Eventually, in October 1925, Bloye explains that the chapel acquired an organ “hand-made by a man at Gorhambury Lodge” at a cost of £90. In typical Primitive Methodist, and, indeed, nonconformist style, the new organ was centrally located behind the pulpit, which meant that further internal alterations were necessary to accommodate it. As Bloye points out, it appears that at the same time as the organ was installed new curtains and communion table coverings were ordered, and electric light and a hot-water system were installed, paid for by a gift of £100 specifically for that purpose This whole arrangement lasted until major alterations to the interior and the exterior of the chapel were carried out in 1970.

“Modernisation”

At the time, the 1970 scheme was described as “modernisation” of the premises; however, what it succeeded in doing was to alter fundamentally both the interior and the exterior of the building. Internally, all fixtures and fittings were lost and a false roof was installed, the latter altering the proportions of the worship area, removing all trace of the chapel’s original design. Externally, the whole of the 1899 porch and front elevation of the chapel were removed. In their place was erected a single storey box-like front extension with a flat roof, completely at odds with, and totally obscuring, the original chapel behind. The original front gable was replaced with vertical glazing across almost the full width of the elevation, with a pitched roof set at a jaunty angle that does not match that on the rest of the building.
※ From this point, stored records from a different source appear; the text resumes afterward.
lemma objK_le_max_candidates:
  assumes l: "l \<in> simplexK K"
  shows "objK K mu nu kappa l
         \<le> max (Max (vertex_values K mu nu kappa)) (Max (edge_values K mu nu kappa))"
    (is "_ \<le> ?M")
proof -
  obtain l' i j where l': "l' \<in> simplexK K" "i \<in> {1..K}" "j \<in> {1..K}"
    "\<forall>k\<in>{1..K} - {i, j}. l' k = 0" and le: "objK K mu nu kappa l \<le> objK K mu nu kappa l'"
    using objK_le_two_point_supported[OF l] .
  have "objK K mu nu kappa l' \<le> ?M"
  proof (cases i j rule: linorder_cases)
    case less
    then show ?thesis using objK_supported_on_edge[OF l'(1) _ l'(2,3,4)]
        objK_edge_point_le_max_candidates[of i j K "l' i"] l'(2,3) by auto
  next
    case equal
    then have "objK K mu nu kappa l' = kappa i - mu i * nu i"
      using objK_supported_on_vertex[OF l'(1,2)] l'(4) by simp
    then show ?thesis using vertex_value_le_Max[OF l'(2), of kappa mu nu] by simp
  next
    case greater
    then have "i \<noteq> j" by simp
    note on_ij = objK_supported_on_edge[OF l'(1) this l'(2,3,4)]
    have "objK K mu nu kappa l' = objK K mu nu kappa (edge_point j i (1 - l' i))"
      unfolding on_ij(3) edge_point_swap[OF \<open>i \<noteq> j\<close>] ..
    also have "\<dots> \<le> ?M"
      using objK_edge_point_le_max_candidates[of j i K "1 - l' i"] on_ij(1,2) l'(2,3) greater by auto
    finally show ?thesis .
  qed
  with le show ?thesis by linarith
qed

lemma max_candidates_attained:
  assumes "K \<ge> 1"
  shows "\<exists>l\<in>simplexK K. objK K mu nu kappa l
           = max (Max (vertex_values K mu nu kappa)) (Max (edge_values K mu nu kappa))"
proof (cases "Max (edge_values K mu nu kappa) \<le> Max (vertex_values K mu nu kappa)")
  case True
  have "Max (vertex_values K mu nu kappa) \<in> vertex_values K mu nu kappa"
    using Max_in[OF finite_vertex_values vertex_values_nonempty[OF assms]] .
  then obtain i where i: "i \<in> {1..K}" and "Max (vertex_values K mu nu kappa) = kappa i - mu i * nu i"
    unfolding vertex_values_def by blast
  with True have "objK K mu nu kappa (\<lambda>k. if k = i then 1 else 0)
                  = max (Max (vertex_values K mu nu kappa)) (Max (edge_values K mu nu kappa))"
    using objK_vertex[OF i] by simp
  then show ?thesis using vertex_in_simplexK[OF i] by blast
next
  case False
  have "Max (edge_values K mu nu kappa) \<in> edge_values K mu nu kappa"
    using Max_in[OF finite_edge_values edge_values_nonempty[OF assms]] .
  then obtain i j where ij: "1 \<le> i" "i \<le> j" "j \<le> K"
    and "Max (edge_values K mu nu kappa) = qfun mu nu kappa i j (mutilde mu nu kappa i j)"
    unfolding edge_values_def by blast
  with False have "max (Max (vertex_values K mu nu kappa)) (Max (edge_values K mu nu kappa))
                   = qfun mu nu kappa i j (mutilde mu nu kappa i j)" by simp
  moreover have "i \<in> {1..K}" "j \<in> {1..K}" using ij by auto
  ultimately show ?thesis using qfun_mutilde_attained by metis
qed

lemma VK_eq_max_candidates:
  assumes "K \<ge> 1"
  shows "VK K mu nu kappa = max (Max (vertex_values K mu nu kappa)) (Max (edge_values K mu nu kappa))"
proof -
  obtain l where "l \<in> simplexK K"
    "objK K mu nu kappa l = max (Max (vertex_values K mu nu kappa)) (Max (edge_values K mu nu kappa))"
    using max_candidates_attained[OF assms] by blast
  then have "max (Max (vertex_values K mu nu kappa)) (Max (edge_values K mu nu kappa))
             \<in> objK K mu nu kappa ` simplexK K" by (metis image_eqI)
  then show ?thesis unfolding VK_def by (rule cSup_eq_maximum) (blast intro: objK_le_max_candidates)
qed
(* Let $\Gamma$ be a connected connected-homogeneous locally-finite bipartite graph with bipartition $X\cup Y$. If $\Gamma$ is not a tree and has at least one vertex of degree greater than $2$, then $\Gamma$ embeds the $4$-cycle $C_4$ as an induced subgraph.
   Context: A bipartite graph with given bipartition $X\cup Y$ is a connected-homogeneous bipartite graph if every isomorphism between finite connected induced subgraphs mapping vertices of $X$ to vertices of $X$ and vertices of $Y$ to vertices of $Y$ extends to an automorphism of the graph preserving $X$ and $Y$ setwise. Locally-finite: every vertex has finite degree. *)

theory Defs
  imports Main
begin

definition simple_graph :: "'a set \<Rightarrow> ('a \<Rightarrow> 'a \<Rightarrow> bool) \<Rightarrow> bool" where
  "simple_graph V E \<longleftrightarrow>
     (\<forall>u v. E u v \<longrightarrow> u \<in> V \<and> v \<in> V) \<and>
     (\<forall>u v. E u v \<longrightarrow> E v u) \<and>
     (\<forall>v. \<not> E v v)"

definition bipartite_graph :: "'a set \<Rightarrow> ('a \<Rightarrow> 'a \<Rightarrow> bool) \<Rightarrow> 'a set \<Rightarrow> 'a set \<Rightarrow> bool" where
  "bipartite_graph V E X Y \<longleftrightarrow>
     simple_graph V E \<and> X \<union> Y = V \<and> X \<inter> Y = {} \<and>
     (\<forall>u v. E u v \<longrightarrow> (u \<in> X \<and> v \<in> Y) \<or> (u \<in> Y \<and> v \<in> X))"

definition nbhd :: "'a set \<Rightarrow> ('a \<Rightarrow> 'a \<Rightarrow> bool) \<Rightarrow> 'a \<Rightarrow> 'a set" where
  "nbhd V E v = {w \<in> V. E v w}"

definition degree :: "'a set \<Rightarrow> ('a \<Rightarrow> 'a \<Rightarrow> bool) \<Rightarrow> 'a \<Rightarrow> nat" where
  "degree V E v = card (nbhd V E v)"

definition locally_finite :: "'a set \<Rightarrow> ('a \<Rightarrow> 'a \<Rightarrow> bool) \<Rightarrow> bool" where
  "locally_finite V E \<longleftrightarrow> (\<forall>v \<in> V. finite (nbhd V E v))"

definition connected_on :: "('a \<Rightarrow> 'a \<Rightarrow> bool) \<Rightarrow> 'a set \<Rightarrow> bool" where
  "connected_on E A \<longleftrightarrow>
     (\<forall>u \<in> A. \<forall>v \<in> A. (\<lambda>x y. x \<in> A \<and> y \<in> A \<and> E x y)\<^sup>*\<^sup>* u v)"

definition connected_graph :: "'a set \<Rightarrow> ('a \<Rightarrow> 'a \<Rightarrow> bool) \<Rightarrow> bool" where
  "connected_graph V E \<longleftrightarrow> connected_on E V"

definition induced_iso :: "('a \<Rightarrow> 'a \<Rightarrow> bool) \<Rightarrow> 'a set \<Rightarrow> 'a set \<Rightarrow> ('a \<Rightarrow> 'a) \<Rightarrow> bool" where
  "induced_iso E A B f \<longleftrightarrow>
     bij_betw f A B \<and> (\<forall>u \<in> A. \<forall>v \<in> A. E (f u) (f v) \<longleftrightarrow> E u v)"

definition bip_automorphism ::
  "'a set \<Rightarrow> ('a \<Rightarrow> 'a \<Rightarrow> bool) \<Rightarrow> 'a set \<Rightarrow> 'a set \<Rightarrow> ('a \<Rightarrow> 'a) \<Rightarrow> bool" where
  "bip_automorphism V E X Y g \<longleftrightarrow>
     induced_iso E V V g \<and> g ` X = X \<and> g ` Y = Y"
Although the original design of the 1865 chapel can still be seen in the side elevations, its public face certainly does not do justice to the building’s heritage as the oldest Primitive Methodist chapel in Hertfordshire that is still in use as a Methodist church.

References

  • Valerie Bloye, A history of Southdown Methodist Church, Harpenden, celebrating the Church’s life from 1865 to 2000 (2000).
  • Frederick Davis, History of Luton with its Hamlets Etc (1874).
  • Kelly’s Directory of Hertfordshire 1890, p.751.
  • See also Harpenden PM Chapel on the My Primitive Methodist Ancestors web site [http://www.myprimitivemethodists.org.uk]

Comments about this page

  • Thank you, David. I attended this Methodist church as a child and then teenager in the 1960’s. My parents would always give me a thrupenny bit to put in the collection plate. Back in those days even younger children dressed up for church, usually a sports jacket and tie. Part way through the service, we would troop across the street to Sunday School in either the tin-roof old church or the brick addition on the back of it. I can remember passing a number of scripture exams. Around 1970, Paul and Glenda Davis organised a Sunday evening meeting for older teenagers at the church that was called SEYG (Sunday Evening Youth Group), usually held at their home in Highfield Avenue. I have fond memories of the Southdown Methodist Church.

    By Jeremy M Winkworth (29/10/2021)
  • Many thanks, David, for an excellent article. I have fond memories about the church but only from 1962 to 1965 when I attended services there and was an assistant scout master with the 10th Harpenden at the church.